This program will help you develop a useful application from input, output, calculations (including modulo), and data types. It is also a good place to start using constants.
Write a program that helps the user convert information given in (whole) ounces into pounds and ounces.
To refresh your memory, there are 16 ounces (which is always abbreviated oz.) in a pound (which is abbreviated lb. singularly or lbs. in the plural).
Be sure to report the results neatly.
As an example, you might have the program interaction look something like (the parts in this color are typed by the user):
$ ./ounces.out
Welcome to the Ounce Conversion Program!!!
How many ounces do you have? 62
Thank you!! Calculating... Done.
62 oz. is equivalent to 3 lbs. and 14 oz. (3.875 lbs.).
Thank you for using the OCP!!
Endeavor to have a magnanimous day!
$
This assignment is (Level 2).
Some users might like to type in their units along with their ounce value. Although we could just ignore them on a personal level — since there is only one input in this program and leaving crap...er... their units in the buffer wouldn't hurt anyone — it would probably be best to truly ign...er...to get rid of the units from the input buffer. If nothing else, it would be good practice for us, right?
Add (Level 1) to allow the user to type the oz (or perhaps even ounces?) after their weight value. Since this is the only unit we told them they could use, we do not need to care about what was actually entered — we just need to remove it from the input stream so that, should we update this code later and need to input more values, we'd be able to do so readily and with a clean buffer.
With this change, the program interaction might look like so (the parts in this color are typed by the user):
$ ./ounces.out
Welcome to the Ounce Conversion Program!!!
How many ounces do you have? 62 oz
Thank you!! Calculating... Done.
62 oz. is equivalent to 3 lbs. and 14 oz. (3.875 lbs.).
Thank you for using the OCP!!
Endeavor to have a magnanimous day!
$ ./ounces.out
Welcome to the Ounce Conversion Program!!!
How many ounces do you have? 62oz
Thank you!! Calculating... Done.
62 oz. is equivalent to 3 lbs. and 14 oz. (3.875 lbs.).
Thank you for using the OCP!!
Endeavor to have a magnanimous day!
$
Note that, on the first run, this example user has entered the same value as above and gotten the same answers. They simply typed in the units after their value instead of the value alone.
Note also that, on the second run, they mistyped and skipped the space between the value and the unit name!
Here's another example that should work with this option-enhanced program (the parts in this color are typed by the user):
$ ./ounces.out
Welcome to the Ounce Conversion Program!!!
How many ounces do you have? 62 ounces (of course...that is what you told me to use, isn't it?)

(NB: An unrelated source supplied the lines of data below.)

(* Let $f:\mathbb{R}\to\mathbb{R}$ be a real quasi-periodic function, $\mathcal{Q}_0(t)=\exp\left(2i\int_0^tf(\tau)d\tau\right)$ and $\mathcal{Q}_1(t)=\mathcal{Q}_0(t)\int_0^t(\mathcal{Q}_0(\tau)^{-1}-M(\mathcal{Q}_0^{-1}))d\tau$. Assume $M(\mathcal{Q}_0)=M(\mathcal{Q}_1)=0$. Then $$M\left(\mathcal{Q}_1(t)\int_0^t\overline{\mathcal{Q}_0(\tau)}\,d\tau\right)=2\,\overline{M\left(\mathcal{Q}_0(t)\int_0^t\mathcal{Q}_1(\tau)\,d\tau\right)}.$$
   Context: For quasi-periodic $f$, $\mathcal{Q}_0$ and $\mathcal{Q}_1$ are quasi-periodic; $M(h)=\lim_{T\to\infty}\frac1{2T}\int_{-T}^Th(t)dt$ denotes the mean value of a quasi-periodic function $h$. *)

theory Defs
  imports "HOL-Analysis.Analysis"
begin

text \<open>Vectors of R^n are encoded as nat \<Rightarrow> real,
  with F depending only on the first n coordinates.\<close>
definition quasi_periodic :: "(real \<Rightarrow> 'a::real_normed_vector) \<Rightarrow> bool" where
  "quasi_periodic h \<longleftrightarrow>
     (\<exists>(n::nat) (\<omega>::nat \<Rightarrow> real) (F::(nat \<Rightarrow> real) \<Rightarrow> 'a).
        continuous_on UNIV F \<and>
        (\<forall>x. F x = F (\<lambda>k. if k < n then x k else 0)) \<and>
        (\<forall>x k. k < n \<longrightarrow> F (x(k := x k + 1)) = F x) \<and>
        (\<forall>t. h t = F (\<lambda>k. \<omega> k * t)))"

definition integral0 :: "(real \<Rightarrow> 'a::euclidean_space) \<Rightarrow> real \<Rightarrow> 'a" where
  "integral0 g t = (if 0 \<le> t then integral {0..t} g else - integral {t..0} g)"

definition mean_value :: "(real \<Rightarrow> 'a::euclidean_space) \<Rightarrow> 'a" where
  "mean_value h = Lim at_top (\<lambda>T. (1 / (2 * T)) *\<^sub>R integral {-T..T} h)"

end

theory Submission
  imports Defs
begin
(* Let $\mathbf A,\mathbf B$ be $\tau$-algebras. Then $\mathbf B\in\mathbb{HSP}(\mathbf A)$ if and only if the map $\varepsilon:\mathbf A^\uparrow\to\mathbf B^\uparrow$, $\varepsilon(t^{\mathbf A})=t^{\mathbf B}$ ($t$ a $\tau$-term over $V$), is a well-defined homomorphism of infinitary clone $\tau$-algebras.
   Context: $\tau$ is a set of $\omega$-ary operation symbols disjoint from $\{q\}\cup\{e_i:i\in\omega\}$; a $\tau$-algebra has operations $A^\omega\to A$. $\tau$-terms over $V=\{e_0,e_1,\dots\}$ are well-founded countably branching terms built by $f(t_0,t_1,\dots)$; term operations: $e_i^{\mathbf A}(s)=s_i$, $f(t_0,t_1,\dots)^{\mathbf A}(s)=f^{\mathbf A}(t_0^{\mathbf A}(s),t_1^{\mathbf A}(s),\dots)$. $\mathbb{HSP}(\mathbf A)$ is the class of algebras isomorphic to homomorphic images of subalgebras of arbitrary direct powers of $\mathbf A$. An infinitary clone $\tau$-algebra is an algebra with constants $e_i$ ($i\in\omega$), a constant $f$ for each $f\in\tau$, and an $\omega$-ary $q$ satisfying (N1) $q(e_i,x_0,x_1,\dots)=x_i$; (N2) $q(x,e_0,e_1,\dots)=x$; (N3) $q(q(x,y_0,y_1,\dots),\boldsymbol z)=q(x,q(y_0,\boldsymbol z),q(y_1,\boldsymbol z),\dots)$. $\mathbf A^\uparrow$ is the set $\{t^{\mathbf A}\}$ of term operations with $e_i(s)=s_i$, $q(g_0,g_1,\dots)(s)=g_0(g_1(s),g_2(s),\dots)$ and $f\mapsto f^{\mathbf A}$. *)

theory Defs
  imports "HOL-Library.FuncSet"
begin

datatype 'f trm = Var nat | Fn 'f "nat \<Rightarrow> 'f trm"

record ('a, 'f) alg =
  carrier :: "'a set"
  ops :: "'f \<Rightarrow> (nat \<Rightarrow> 'a) \<Rightarrow> 'a"

definition tau_alg :: "('a, 'f) alg \<Rightarrow> bool" where
  "tau_alg A \<longleftrightarrow> (\<forall>f s. s \<in> UNIV \<rightarrow> carrier A \<longrightarrow> ops A f s \<in> carrier A)"

primrec term_eval :: "('f \<Rightarrow> (nat \<Rightarrow> 'a) \<Rightarrow> 'a) \<Rightarrow> 'f trm \<Rightarrow> (nat \<Rightarrow> 'a) \<Rightarrow> 'a" where
  "term_eval F (Var i) s = s i"
| "term_eval F (Fn f ts) s = F f (\<lambda>i. term_eval F (ts i) s)"
lemma sum_over_R_classes:
  assumes "R_closed S"
  shows "(\<Sum>b\<in>S. g b) = (\<Sum>cls\<in>R_class ` S. sum g cls)"
proof -
  have S: "S \<subseteq> Ob" "finite S"
    using assms finite_Ob finite_subset unfolding R_closed_def by auto
  have "(\<Sum>b\<in>S. g b) = (\<Sum>cls\<in>R_class ` S. \<Sum>b\<in>{b\<in>S. R_class b = cls}. g b)"
    by (rule sum.image_gen[OF S(2)])
  also have "\<dots> = (\<Sum>cls\<in>R_class ` S. sum g cls)"
  proof (rule sum.cong[OF refl])
    fix cls assume "cls \<in> R_class ` S"
    then obtain b0 where b0: "b0 \<in> S" "cls = R_class b0" by blast
    have "{b\<in>S. R_class b = R_class b0} = R_class b0"
    proof
      show "{b\<in>S. R_class b = R_class b0} \<subseteq> R_class b0"
        using R_refl S(1) b0(1) unfolding R_class_def by blast
      show "R_class b0 \<subseteq> {b\<in>S. R_class b = R_class b0}"
        using assms b0(1) S(1) R_class_eq unfolding R_closed_def R_class_def by blast
    qed
    then show "(\<Sum>b\<in>{b\<in>S. R_class b = cls}. g b) = (\<Sum>b\<in>cls. g b)"
      using b0(2) by simp
  qed
  finally show ?thesis .
qed

lemma row_sum_class_invariant:
  assumes S: "R_closed S" and k: "class_constant S k"
    and a: "a \<in> Ob" "a' \<in> Ob" "R a a'"
  shows "(\<Sum>b\<in>S. of_nat (\<zeta> a b) * k b) = (\<Sum>b\<in>S. of_nat (\<zeta> a' b) * k b)"
proof -
  have "(\<Sum>b\<in>cls. of_nat (\<zeta> a b) * k b) = (\<Sum>b\<in>cls. of_nat (\<zeta> a' b) * k b)"
    if "cls \<in> R_class ` S" for cls
  proof -
    obtain b0 where b0: "b0 \<in> S" "cls = R_class b0" using \<open>cls \<in> R_class ` S\<close> by blast
    have XS: "cls \<subseteq> S" and b0Ob: "b0 \<in> Ob"
      using S b0 unfolding R_closed_def by auto
    have kX: "k b = k b0" if "b \<in> cls" for b
    proof -
      have "R b0 b" "b \<in> S" using that XS b0(2) unfolding R_class_def by auto
      then show ?thesis using k b0(1) unfolding class_constant_def by (simp add: eq_commute)
    qed
    have "(\<Sum>b\<in>cls. of_nat (\<zeta> a b) * k b) = of_nat (\<Sum>b\<in>cls. \<zeta> a b) * k b0"
      by (simp add: kX sum_distrib_right)
    also have "\<dots> = of_nat (\<Sum>b\<in>cls. \<zeta> a' b) * k b0"
      using zeta_class_sum[OF a(1,2) b0Ob a(3)] b0(2) unfolding R_class_def by simp
    also have "\<dots> = (\<Sum>b\<in>cls. of_nat (\<zeta> a' b) * k b)"
      by (simp add: kX sum_distrib_right)
    finally show ?thesis .
  qed
  then show ?thesis
    by (simp add: sum_over_R_classes[OF S])
qed

lemma zeta_into_minimal_class:
  assumes S: "R_closed S" and a0: "a0 \<in> S" and a0_min: "\<And>a. a \<in> S \<Longrightarrow> rank a0 \<le> rank a"
    and a: "a \<in> S - R_class a0" and b: "b \<in> R_class a0"
  shows "\<zeta> a b = 0"
proof (rule ccontr)
  assume nz: "\<zeta> a b \<noteq> 0"
  have Ob: "a0 \<in> Ob" "a \<in> Ob" "b \<in> Ob" and R0: "R a0 b"
    using S a0 a b unfolding R_closed_def R_class_def by auto
  have "rank a0 \<le> rank a" using a0_min a by simp
  then have "\<not> rank a < rank b" using rank_R[OF Ob(1,3) R0] by simp
  then have "R a b" using zeta_nonzero[OF Ob(2,3) nz] by simp
  then have "R a0 a" using R_trans[OF Ob(1,3,2) R0] R_sym[OF Ob(2,3)] by simp
  then show False using a Ob(2) unfolding R_class_def by simp
qed

lemma class_constant_extend:
  assumes S: "R_closed S" and a0: "a0 \<in> S" and k': "class_constant (S - R_class a0) k'"
  shows "class_constant S (\<lambda>b. if b \<in> R_class a0 then t else k' b)"
  unfolding class_constant_def
proof (intro ballI impI)
  fix a b assume ab: "a \<in> S" "b \<in> S" "R a b"
  have Ob: "a0 \<in> Ob" "a \<in> Ob" "b \<in> Ob" using S a0 ab unfolding R_closed_def by auto
  have "R a0 a \<longleftrightarrow> R a0 b"
    using R_trans[OF Ob(1,2,3)] R_trans[OF Ob(1,3,2)] R_sym[OF Ob(2,3)] ab(3) by blast
  then have "a \<in> R_class a0 \<longleftrightarrow> b \<in> R_class a0" using Ob unfolding R_class_def by simp
  moreover have "k' a = k' b" if "a \<notin> R_class a0" "b \<notin> R_class a0"
    using k' ab that unfolding class_constant_def by simp
  ultimately show "(if a \<in> R_class a0 then t else k' a) = (if b \<in> R_class a0 then t else k' b)"
    by auto
qed

lemma class_row_sum_pos:
  assumes "a \<in> Ob" shows "0 < (\<Sum>b\<in>R_class a. \<zeta> a b)"
proof -
  have "a \<in> R_class a" "finite (R_class a)"
    using assms R_refl finite_Ob unfolding R_class_def by auto
  then have "\<zeta> a a \<le> (\<Sum>b\<in>R_class a. \<zeta> a b)" by (intro member_le_sum) auto
  then show ?thesis using zeta_diag_pos[OF assms] by simp
qed

text \<open>The weighting is extended by a constant \<open>t\<close> on a class of minimal rank; since
  nothing outside that class maps into it, only the rows of the class itself have to be
  corrected, and by \<open>zeta_class_sum\<close> they all require the same \<open>t\<close>.\<close>

lemma weighting_extend:
  assumes S: "R_closed S" and a0: "a0 \<in> S" and a0_min: "\<And>a. a \<in> S \<Longrightarrow> rank a0 \<le> rank a"
    and k': "is_weighting (S - R_class a0) \<zeta> k'" "class_constant (S - R_class a0) k'"
  shows "\<exists>k. is_weighting S \<zeta> k \<and> class_constant S k"
proof -
  define A0 where "A0 = R_class a0"
  define S' where "S' = S - A0"
  have SOb: "S \<subseteq> Ob" and finS: "finite S" and A0S: "A0 \<subseteq> S"
    using S a0 finite_Ob finite_subset unfolding R_closed_def A0_def by auto
  have a0Ob: "a0 \<in> Ob" using a0 SOb by auto
  define total where "total a = (\<Sum>b\<in>A0. \<zeta> a b)" for a
  have total_pos: "total a0 > 0"
    unfolding total_def A0_def using class_row_sum_pos[OF a0Ob] .
  define t where "t = (1 - (\<Sum>b\<in>S'. of_nat (\<zeta> a0 b) * k' b)) / of_nat (total a0)"
  define k where "k b = (if b \<in> A0 then t else k' b)" for b
  have split: "(\<Sum>b\<in>S. of_nat (\<zeta> a b) * k b)
      = (\<Sum>b\<in>S'. of_nat (\<zeta> a b) * k' b) + of_nat (total a) * t" for a
  proof -
    have "(\<Sum>b\<in>S. of_nat (\<zeta> a b) * k b)
        = (\<Sum>b\<in>S'. of_nat (\<zeta> a b) * k b) + (\<Sum>b\<in>A0. of_nat (\<zeta> a b) * k b)"
      unfolding S'_def using sum.subset_diff[OF A0S finS] by simp
    then show ?thesis
      unfolding k_def total_def S'_def by (simp add: sum_distrib_right)
  qed
  have "(\<Sum>b\<in>S. of_nat (\<zeta> a b) * k b) = 1" if a: "a \<in> S" for a
  proof (cases "a \<in> A0")
    case False
    then have "total a = 0"
      using zeta_into_minimal_class[OF S a0 a0_min] a unfolding total_def A0_def by simp
    then show ?thesis
      using split[of a] k'(1) a False unfolding is_weighting_def S'_def A0_def by simp
  next
    case True
    have aOb: "a \<in> Ob" using a SOb by auto
    have R: "R a a0" using True R_sym[OF a0Ob aOb] unfolding A0_def R_class_def by simp
    have "total a = total a0"
      using zeta_class_sum[OF aOb a0Ob a0Ob R] unfolding total_def A0_def R_class_def by simp
    moreover have "(\<Sum>b\<in>S'. of_nat (\<zeta> a b) * k' b) = (\<Sum>b\<in>S'. of_nat (\<zeta> a0 b) * k' b)"
      using row_sum_class_invariant[OF R_closed_diff_class[OF S a0] k'(2) aOb a0Ob R]
      unfolding S'_def A0_def by simp
    moreover have "of_nat (total a0) \<noteq> (0::rat)" using total_pos by simp
    ultimately show ?thesis
      using split[of a] by (simp add: t_def)
  qed
  moreover have "class_constant S k"
    unfolding k_def A0_def using class_constant_extend[OF S a0 k'(2)] .
  ultimately show ?thesis unfolding is_weighting_def by blast
qed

Thank you!! Calculating... Done.
62 oz. is equivalent to 3 lbs. and 14 oz. (3.875 lbs.).
Thank you for using the OCP!!
Endeavor to have a magnanimous day!
$
This one should also work (the parts in this color are typed by the user):
$ ./ounces.out
Welcome to the Ounce Conversion Program!!!
How many ounces do you have? 62
Thank you!! Calculating... Done.
62 oz. is equivalent to 3 lbs. and 14 oz. (3.875 lbs.).
Thank you for using the OCP!!
Endeavor to have a magnanimous day!
$
And even this one — sadly (the parts in this color are typed by the user):
$ ./ounces.out
Welcome to the Ounce Conversion Program!!!
How many ounces do you have? 62 blah, blah, blah, blah...always worried about them ounces, ain't ye'? no one ever considers the poor, lonely 'gram' or the miserable, out-cast 'stone', do they?! BAH!
Thank you!! Calculating... Done.
62 oz. is equivalent to 3 lbs. and 14 oz. (3.875 lbs.).
Thank you for using the OCP!!
Endeavor to have a magnanimous day!
$
If the user's input is potentially followed by garbage (well, textual information we don't want or need, anyway), how can we throw it away? More specifically, how do we tell cin that we don't want or need the buffer contents...that it can simply be ignored?
Does this facility require anything other than our usual #include of iostream at the top of our program?
(What else do we need? Where do we get it? What does it normally represent? What does it represent here in cin's philosophy of the world?)
Why don't we need/use the string data type in this situation? (Doesn't string allow us to store multiple characters in a single variable — like units?) (Which of the above example situations would the string data type not handle well? What would happen in those situations were we to use string — as opposed to what we said we'd want to happen in the examples?)
The pattern used for unit conversions is fairly simplistic and common. But it would seem that we are doing some extra 'divisions' that are not really necessary. (A really smart compiler will remove the duplicates for us, but not all compilers are smart, much less really smart...)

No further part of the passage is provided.